Gold builds Fed eyes

Weakness of the US dollar allowed gold, for the first time since mid-October, to touch the psychologically important mark of $1300 per ounce. The precious metal has grown by almost 13% since the beginning of the year, marking its best result since 2010. It is on track to end November in positive territory following two months of a gradual decline due to the renewal of the Fed's fears about the persistent unwillingness of inflation to move to the 2% target. Representatives of the Central Bank argue that the indicator may be below the target benchmark longer than initially thought. In such conditions, the advisability of further tightening of monetary policy seems dubious, and low rates of the US debt market allow the "bulls" for the XAU/USD to organize periodic attacks.

Dynamics of gold,% since the beginning of the year


Source: Bloomberg.

The success of gold in late autumn is due to uncertainty about the outcome of the vote in the US Congress on tax reform, geopolitical tensions in the Middle East and around North Korea, as well as the political crisis in Germany. Angela Merkel still has not managed to create a coalition, which preserves the risks of a repeat in elections. Pyongyang launched another ballistic missile, and the implementation of fiscal stimulus in the United States is in question. In such turbid waters, investors prefer to diversify portfolios in favor of safe-havens, which is favorably reflected in the positions of bulls in the XAU/USD.

The increase in interest in precious metals is clearly visible in such indicators as the growth in the volume of trading on COMEX by 52% compared to its average values, the growth of the total open interest for three consecutive quarters (the longest series since 2009), and the achievement of ETF stocks to peak marks since the beginning of the year. At the same time, the decline in Chinese net imports from Hong Kong in January-October to 561.4 tons (-108 tons) indirectly indicates gold flows from the East to the West, which is one of the signs of a "bullish" trend. In 2013, during the collapse of prices, the reverse process took place.

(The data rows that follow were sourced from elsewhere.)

lemma tangent_bound_normalized:
  fixes a u s :: real
  assumes le: "\<And>t. (1 + 2*a*t + u*t^2) * (1 - 2*a*t + s*t^2) \<le> (1 + t^2)^2"
  shows "u + s \<le> 2"
proof -
  define g where "g = 2 - (u + s) + 4*a^2"
  have "0 \<le> g + 2*(a*(u - s))*t + (1 - u * s)*t^2" if "t \<noteq> 0" for t
  proof -
    have "(1 + t^2)^2 - (1 + 2*a*t + u*t^2) * (1 - 2*a*t + s*t^2)
        = t^2 * (g + 2*(a*(u - s))*t + (1 - u * s)*t^2)"
      by (simp add: g_def algebra_simps power2_eq_square)
    then have "0 \<le> t^2 * (g + 2*(a*(u - s))*t + (1 - u * s)*t^2)" using le[of t] by simp
    then show ?thesis using that by (simp add: zero_le_mult_iff)
  qed
  note coeffs = quadratic_nonneg_coeffs[OF this]
  show ?thesis
  proof (rule ccontr)
    assume "\<not> u + s \<le> 2"
    have "(u + s)^2 - 4 = (u + s - 2) * (u + s + 2)" by (simp add: algebra_simps power2_eq_square)
    then have "0 < (u + s)^2 - 4" using \<open>\<not> u + s \<le> 2\<close> by simp
    have "(2 - (u + s)) * (1 - u * s) \<le> 0"
      using coeffs(2) \<open>\<not> u + s \<le> 2\<close> by (simp add: mult_nonpos_nonneg)
    moreover have "g * (1 - u * s) - (a*(u - s))^2 = (2 - (u + s)) * (1 - u * s) - a^2 * ((u + s)^2 - 4)"
      by (simp add: g_def algebra_simps power2_eq_square)
    ultimately have "a^2 * ((u + s)^2 - 4) \<le> 0" using coeffs(3) by linarith
    then have "a = 0" using \<open>0 < (u + s)^2 - 4\<close> by (simp add: mult_le_0_iff)
    then show False using coeffs(1) \<open>\<not> u + s \<le> 2\<close> by (simp add: g_def)
  qed
qed

lemma tangent_bound_degenerate:
  fixes q b s u :: real
  assumes le: "\<And>t. u*t^2 * (q + 2*b*t + s*t^2) \<le> 0"
  shows "q*u \<le> 0"
proof -
  have "0 \<le> - (q*u) + 2*(- (b*u))*t + (- (s*u))*t^2" if "t \<noteq> 0" for t
  proof -
    have "t^2 * (u * (q + 2*b*t + s*t^2)) \<le> 0" using le[of t] by (simp add: mult_ac)
    then have "u * (q + 2*b*t + s*t^2) \<le> 0" using that by (simp add: mult_le_0_iff)
    then show ?thesis by (simp add: algebra_simps)
  qed
  from quadratic_nonneg_coeffs(1)[OF this] show ?thesis by simp
qed

lemma tangent_bound:
  fixes p q a b u s :: real
  assumes "0 \<le> p" "0 \<le> q" "a^2 \<le> p*u" "b^2 \<le> q * s"
    and le: "\<And>t. (p + 2*a*t + u*t^2) * (q + 2*b*t + s*t^2) \<le> p*q*(1 + t^2)^2"
  shows "q*a + p*b = 0" and "q*u + p * s \<le> 2*p*q"
proof -
  define f where "f t = (p + 2*a*t + u*t^2) * (q + 2*b*t + s*t^2) - p*q*(1 + t^2)^2" for t :: real
  have "DERIV f 0 :> 2*(q*a + p*b)" unfolding f_def
    by (rule derivative_eq_intros refl)+ (simp add: algebra_simps)
  moreover have "\<forall>t. \<bar>0 - t\<bar> < 1 \<longrightarrow> f t \<le> f 0" using le by (simp add: f_def)
  ultimately have "2*(q*a + p*b) = 0" using DERIV_local_max[OF _ zero_less_one] by blast
  then show tangent: "q*a + p*b = 0" by simp
  consider "p = 0" | "q = 0" | "0 < p" "0 < q" using assms(1,2) by linarith
  then show "q*u + p * s \<le> 2*p*q"
  proof cases
    case 1
    then have "a = 0" using assms(3) by simp
    then show ?thesis using tangent_bound_degenerate[of u q b s] le \<open>p = 0\<close> by simp
  next
    case 2
    then have "b = 0" using assms(4) by simp
    then show ?thesis using tangent_bound_degenerate[of s p a u] le \<open>q = 0\<close> by (simp add: mult_ac)
  next
    case 3
    have "u/p + s/q \<le> 2"
    proof (rule tangent_bound_normalized[of "a/p"])
      fix t :: real
      have b: "b = - q*(a/p)" using tangent \<open>0 < p\<close> by (simp add: field_simps)
      have "(1 + 2*(a/p)*t + (u/p)*t^2) * (1 - 2*(a/p)*t + (s/q)*t^2)
          = (p + 2*a*t + u*t^2) * (q + 2*b*t + s*t^2) / (p*q)"
        using 3 unfolding b by (simp add: field_simps power2_eq_square)
      also have "\<dots> \<le> (1 + t^2)^2" using le[of t] 3 by (simp add: divide_le_eq mult_ac)
      finally show "(1 + 2*(a/p)*t + (u/p)*t^2) * (1 - 2*(a/p)*t + (s/q)*t^2) \<le> (1 + t^2)^2" .
    qed
    then show ?thesis using 3 by (simp add: field_simps)
  qed
qed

The offensive rush of bulls on the the XAU/USD is impeded by positive US macroeconomic data, the growth of hopes for the implementation of the tax reform and the moderate "hawkish" rhetoric of Jerome Powell. Within five minutes, the upcoming head of the Fed said that the slow normalization of monetary policy in a strong labor market and the economy will help diffuse inflation. As a result, the Central Bank will be forced to act more aggressively than at present, which will bring the US closer to a recession. Let me remind you that at present the fixed-term market expects two rate increases in 2018, while FOMC plans to consider three. If CME futures starts to raise chances, the dollar will be in demand.

The dynamics of gold can affect the release of data on European inflation. Disappointing statistics will help to weaken the euro, which is a bullish factor for the USD index and bearish for the XAU/USD.

Technically, a break of resistance at $1302 per ounce will increase the risks of implementing the "Dragon" pattern and the probability of a recovery of the uptrend.